Avis CNC 142 - Prime d'émission


Le schéma de bilan annexé à l'arrêté royal du 8 octobre 1976 relatif aux comptes annuels des entreprises, prescrit la mise en évidence des primes d'émission sous une rubrique distincte faisant suite immédiatement au poste I «Capital».

L'arrêté ne comporte pas de définition de cette rubrique; il se réfère à l'acception courante en vertu de laquelle on entend par prime d'émission la différence entre le prix d'émission d'actions nouvelles et la partie de ce prix qui est portée au capital. Pour les actions sans désignation de valeur nominale, cette partie est, en règle générale, déterminée par référence au pair comptable des actions anciennes.

La prime d'émission s'analyse en un apport externe des associés à la société. Elle se distingue, notamment en celà, des réserves qui, elles, proviennent en principe (1) de bénéfices réalisés par l'entreprise et mis par elle en «réserve».

Cette distinction fondamentale entre ces deux notions implique que l'inscription à un compte de réserve des montants apportés par les associés au titre de prime d'émission ne serait pas compatible avec les dispositions de l'arrêté du 8 octobre 1976. Aucune distinction ne doit être opérée à cet égard selon qu'il s'agirait d'une imputation à la réserve légale, à une réserve indisponible ou à une réserve disponible.

Le droit fiscal exige, pour que la prime d'émission ne revête pas le caractère d'un accroissement d'avoir taxable, qu'elle soit stipulée indisponible (2). Pour ce motif, les assemblées générales prévoient très généralement l'indisponibilité de la prime d'émission. Il arrive toutefois que l'assemblée générale décide à cet effet d'inscrire la prime d'émission à un compte de «réserve indisponible». Un tel libellé de délibération d'assemblée est manifestement erroné en ce qu'il fait référence à la notion de «réserve»; il ne pourrait prévaloir à l'encontre des dispositions impératives de l'arrêté royal du 8 octobre 1976.

La prime d'émission ne fait pas l'objet de dispositions particulières du droit des sociétés. Il est évident toutefois que le régime d'indisponibilité institué dans l'intérêt des tiers en ce qui concerne le capital et la réserve légale ne lui est pas applicable. Sous l'angle du droit des sociétés et sans préjudice des aspects fiscaux rien ne s'oppose à ce que l'assemblée générale, délibérant comme en matière de modification des statuts décide d'opérer un prélèvement sur la prime d'émission.

A l'instar des réserves et plus-values, la prime d'émission peut être incorporée au capital.

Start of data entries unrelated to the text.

text \<open>On the isotropic vectors of a positive semidefinite form the polarisation
  \<open>t \<mapsto> (x + t y)\<^sup>T P (x + t y)\<close> has no constant term, so its linear term vanishes.\<close>

lemma psd_quad_form_eq_0_imp:
  assumes "symmetric_mat P" "psd P" "quad_form P x = 0"
  shows "P *v x = 0"
proof -
  have "y \<bullet> (P *v x) = 0" for y
  proof (rule nonneg_quadratic_imp_linear_coeff_0)
    fix t
    have "0 \<le> quad_form P (1 *\<^sub>R x + t *\<^sub>R y)"
      using assms(2) unfolding psd_def by blast
    also have "\<dots> = 2 * t * (y \<bullet> (P *v x)) + t\<^sup>2 * quad_form P y"
      using quad_form_lincomb2[OF assms(1), of 1 x t y] assms(3)
        symmetric_mat_inner_commute[OF assms(1), of x y] by simp
    finally show "0 \<le> 2 * t * (y \<bullet> (P *v x)) + t\<^sup>2 * quad_form P y" .
  qed
  from this[of "P *v x"] show ?thesis by simp
qed

section \<open>Conjugate bases and simultaneous diagonalisation\<close>

lemma subspace_hyperplane_section: "subspace S \<Longrightarrow> subspace {w \<in> S. a \<bullet> w = 0}"
  by (simp add: subspace_def inner_add_right inner_scaleR_right)

lemma subset_span_insert_hyperplane_section:
  fixes S :: "'a::euclidean_space set"
  assumes "subspace S" "v \<in> S" "a \<bullet> v \<noteq> 0"
  shows "S \<subseteq> span (insert v {w \<in> S. a \<bullet> w = 0})"
proof
  fix x assume x: "x \<in> S"
  define c where "c = (a \<bullet> x) / (a \<bullet> v)"
  have "x - c *\<^sub>R v \<in> {w \<in> S. a \<bullet> w = 0}"
    unfolding c_def using x assms by (auto simp: subspace_diff subspace_scale inner_diff_right)
  then have "x - c *\<^sub>R v \<in> span (insert v {w \<in> S. a \<bullet> w = 0})"
    by (meson span_base span_mono subset_insertI subsetD)
  moreover have "c *\<^sub>R v \<in> span (insert v {w \<in> S. a \<bullet> w = 0})"
    by (simp add: span_base span_mul)
  ultimately have "(x - c *\<^sub>R v) + c *\<^sub>R v \<in> span (insert v {w \<in> S. a \<bullet> w = 0})"
    by (rule span_add)
  then show "x \<in> span (insert v {w \<in> S. a \<bullet> w = 0})" by simp
qed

Une telle incorporation constitue une modification de la décision initiale relative à la répartition du prix d'émission entre le capital et la prime d'émission. Elle peut être réalisée par affectation directe du compte «prime d'émission» au compte «capital».

Par ailleurs, rien ne s'oppose à la redistribution aux associés des montants qui ont été apportés au titre de prime d'émission. Une telle redistribution pourrait, à l'instar d'une répartition du capital, être opérée directement, sans transiter par le tableau des affectations du résultat.

La prime d'émission peut, enfin, être utilisée à l'apurement de pertes. Une telle utilisation doit être opérée par le tableau d'affectation des résultats.

En revanche, pour les motifs mentionnés ci-dessus, la prime d'émission ne pourrait, postérieurement à sa constitution, faire l'objet d'un prélèvement pour alimenter un compte de réserve.

Il arrive que la délibération de l'assemblée générale qui décide l'augmentation de capital prévoit que les frais d'émission seront prélevés sur les apports.

Une telle décision doit s'analyser comme impliquant la volonté de l'assemblée de décharger la société bénéficiaire de l'apport, de la charge de ces frais d'émission. En une telle occurrence, ces frais ne doivent pas être pris en résultats par la société mais sont imputés directement au montant de la prime d'émission.

Notes

(1) On réserve ici notamment la question de la ventilation de la contrepartie des apports en cas de fusion ou d'absorption.

(2) Commentaire administratif du Code des impôts sur les revenus n° 96/14.